_What to produce_: The answer should match the records character for character.

BEGIN

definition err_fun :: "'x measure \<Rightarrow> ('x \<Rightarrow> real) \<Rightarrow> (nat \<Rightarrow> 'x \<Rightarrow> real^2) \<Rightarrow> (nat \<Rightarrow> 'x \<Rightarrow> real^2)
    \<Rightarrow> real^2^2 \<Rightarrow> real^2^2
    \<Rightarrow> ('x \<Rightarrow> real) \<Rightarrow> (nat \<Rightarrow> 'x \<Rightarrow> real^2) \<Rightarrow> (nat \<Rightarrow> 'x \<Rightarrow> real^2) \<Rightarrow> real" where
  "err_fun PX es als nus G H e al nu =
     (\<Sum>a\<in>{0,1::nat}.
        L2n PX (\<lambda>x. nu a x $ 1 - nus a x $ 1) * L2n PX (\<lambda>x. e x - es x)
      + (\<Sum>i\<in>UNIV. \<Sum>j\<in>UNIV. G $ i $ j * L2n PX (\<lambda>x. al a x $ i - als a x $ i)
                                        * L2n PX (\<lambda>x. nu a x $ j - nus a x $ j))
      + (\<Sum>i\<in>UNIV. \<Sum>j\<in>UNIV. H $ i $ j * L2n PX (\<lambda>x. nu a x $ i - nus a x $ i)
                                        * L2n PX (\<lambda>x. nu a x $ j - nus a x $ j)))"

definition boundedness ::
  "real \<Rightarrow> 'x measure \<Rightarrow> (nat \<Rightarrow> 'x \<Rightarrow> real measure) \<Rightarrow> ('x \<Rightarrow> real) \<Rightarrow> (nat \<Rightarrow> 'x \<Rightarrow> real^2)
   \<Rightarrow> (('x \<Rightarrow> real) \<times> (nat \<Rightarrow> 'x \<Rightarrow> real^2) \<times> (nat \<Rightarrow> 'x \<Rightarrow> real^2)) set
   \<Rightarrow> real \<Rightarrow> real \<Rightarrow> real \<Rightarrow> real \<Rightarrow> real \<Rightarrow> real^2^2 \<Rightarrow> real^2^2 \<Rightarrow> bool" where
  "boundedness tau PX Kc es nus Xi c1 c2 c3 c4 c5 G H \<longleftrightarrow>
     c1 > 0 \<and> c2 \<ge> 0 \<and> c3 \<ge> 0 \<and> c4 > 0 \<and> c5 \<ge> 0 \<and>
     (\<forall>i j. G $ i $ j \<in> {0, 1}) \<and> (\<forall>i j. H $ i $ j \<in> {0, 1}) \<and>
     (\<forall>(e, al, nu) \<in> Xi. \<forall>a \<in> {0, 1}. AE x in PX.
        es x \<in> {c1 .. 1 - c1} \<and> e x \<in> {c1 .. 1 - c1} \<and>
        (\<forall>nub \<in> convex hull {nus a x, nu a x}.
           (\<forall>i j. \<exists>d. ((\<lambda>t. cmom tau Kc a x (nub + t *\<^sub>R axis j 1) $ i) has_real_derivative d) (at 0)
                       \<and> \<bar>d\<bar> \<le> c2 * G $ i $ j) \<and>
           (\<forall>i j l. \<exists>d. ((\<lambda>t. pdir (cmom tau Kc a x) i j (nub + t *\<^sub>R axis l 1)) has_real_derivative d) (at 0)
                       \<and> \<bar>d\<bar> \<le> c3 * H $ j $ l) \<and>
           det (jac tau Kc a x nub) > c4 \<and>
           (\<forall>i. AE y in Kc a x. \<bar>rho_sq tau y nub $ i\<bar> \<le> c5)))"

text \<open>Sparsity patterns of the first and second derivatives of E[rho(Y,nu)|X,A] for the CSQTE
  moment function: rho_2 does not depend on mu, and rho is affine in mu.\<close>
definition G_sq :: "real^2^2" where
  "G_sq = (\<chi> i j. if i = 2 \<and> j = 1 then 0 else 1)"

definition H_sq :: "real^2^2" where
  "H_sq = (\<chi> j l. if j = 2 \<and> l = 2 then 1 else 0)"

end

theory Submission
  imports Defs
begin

END

_Result of this exercise_:
definition err_fun :: "'x measure \<Rightarrow> ('x \<Rightarrow> real) \<Rightarrow> (nat \<Rightarrow> 'x \<Rightarrow> real^2) \<Rightarrow> (nat \<Rightarrow> 'x \<Rightarrow> real^2)
    \<Rightarrow> real^2^2 \<Rightarrow> real^2^2
    \<Rightarrow> ('x \<Rightarrow> real) \<Rightarrow> (nat \<Rightarrow> 'x \<Rightarrow> real^2) \<Rightarrow> (nat \<Rightarrow> 'x \<Rightarrow> real^2) \<Rightarrow> real" where
  "err_fun PX es als nus G H e al nu =
     (\<Sum>a\<in>{0,1::nat}.
        L2n PX (\<lambda>x. nu a x $ 1 - nus a x $ 1) * L2n PX (\<lambda>x. e x - es x)
      + (\<Sum>i\<in>UNIV. \<Sum>j\<in>UNIV. G $ i $ j * L2n PX (\<lambda>x. al a x $ i - als a x $ i)
                                        * L2n PX (\<lambda>x. nu a x $ j - nus a x $ j))
      + (\<Sum>i\<in>UNIV. \<Sum>j\<in>UNIV. H $ i $ j * L2n PX (\<lambda>x. nu a x $ i - nus a x $ i)
                                        * L2n PX (\<lambda>x. nu a x $ j - nus a x $ j)))"

definition boundedness ::
  "real \<Rightarrow> 'x measure \<Rightarrow> (nat \<Rightarrow> 'x \<Rightarrow> real measure) \<Rightarrow> ('x \<Rightarrow> real) \<Rightarrow> (nat \<Rightarrow> 'x \<Rightarrow> real^2)
   \<Rightarrow> (('x \<Rightarrow> real) \<times> (nat \<Rightarrow> 'x \<Rightarrow> real^2) \<times> (nat \<Rightarrow> 'x \<Rightarrow> real^2)) set
   \<Rightarrow> real \<Rightarrow> real \<Rightarrow> real \<Rightarrow> real \<Rightarrow> real \<Rightarrow> real^2^2 \<Rightarrow> real^2^2 \<Rightarrow> bool" where
  "boundedness tau PX Kc es nus Xi c1 c2 c3 c4 c5 G H \<longleftrightarrow>
     c1 > 0 \<and> c2 \<ge> 0 \<and> c3 \<ge> 0 \<and> c4 > 0 \<and> c5 \<ge> 0 \<and>
     (\<forall>i j. G $ i $ j \<in> {0, 1}) \<and> (\<forall>i j. H $ i $ j \<in> {0, 1}) \<and>
     (\<forall>(e, al, nu) \<in> Xi. \<forall>a \<in> {0, 1}. AE x in PX.
        es x \<in> {c1 .. 1 - c1} \<and> e x \<in> {c1 .. 1 - c1} \<and>
        (\<forall>nub \<in> convex hull {nus a x, nu a x}.
           (\<forall>i j. \<exists>d. ((\<lambda>t. cmom tau Kc a x (nub + t *\<^sub>R axis j 1) $ i) has_real_derivative d) (at 0)
                       \<and> \<bar>d\<bar> \<le> c2 * G $ i $ j) \<and>
           (\<forall>i j l. \<exists>d. ((\<lambda>t. pdir (cmom tau Kc a x) i j (nub + t *\<^sub>R axis l 1)) has_real_derivative d) (at 0)
                       \<and> \<bar>d\<bar> \<le> c3 * H $ j $ l) \<and>
           det (jac tau Kc a x nub) > c4 \<and>
           (\<forall>i. AE y in Kc a x. \<bar>rho_sq tau y nub $ i\<bar> \<le> c5)))"

text \<open>Sparsity patterns of the first and second derivatives of E[rho(Y,nu)|X,A] for the CSQTE
  moment function: rho_2 does not depend on mu, and rho is affine in mu.\<close>
definition G_sq :: "real^2^2" where
  "G_sq = (\<chi> i j. if i = 2 \<and> j = 1 then 0 else 1)"

definition H_sq :: "real^2^2" where
  "H_sq = (\<chi> j l. if j = 2 \<and> l = 2 then 1 else 0)"

end

theory Submission
  imports Defs
begin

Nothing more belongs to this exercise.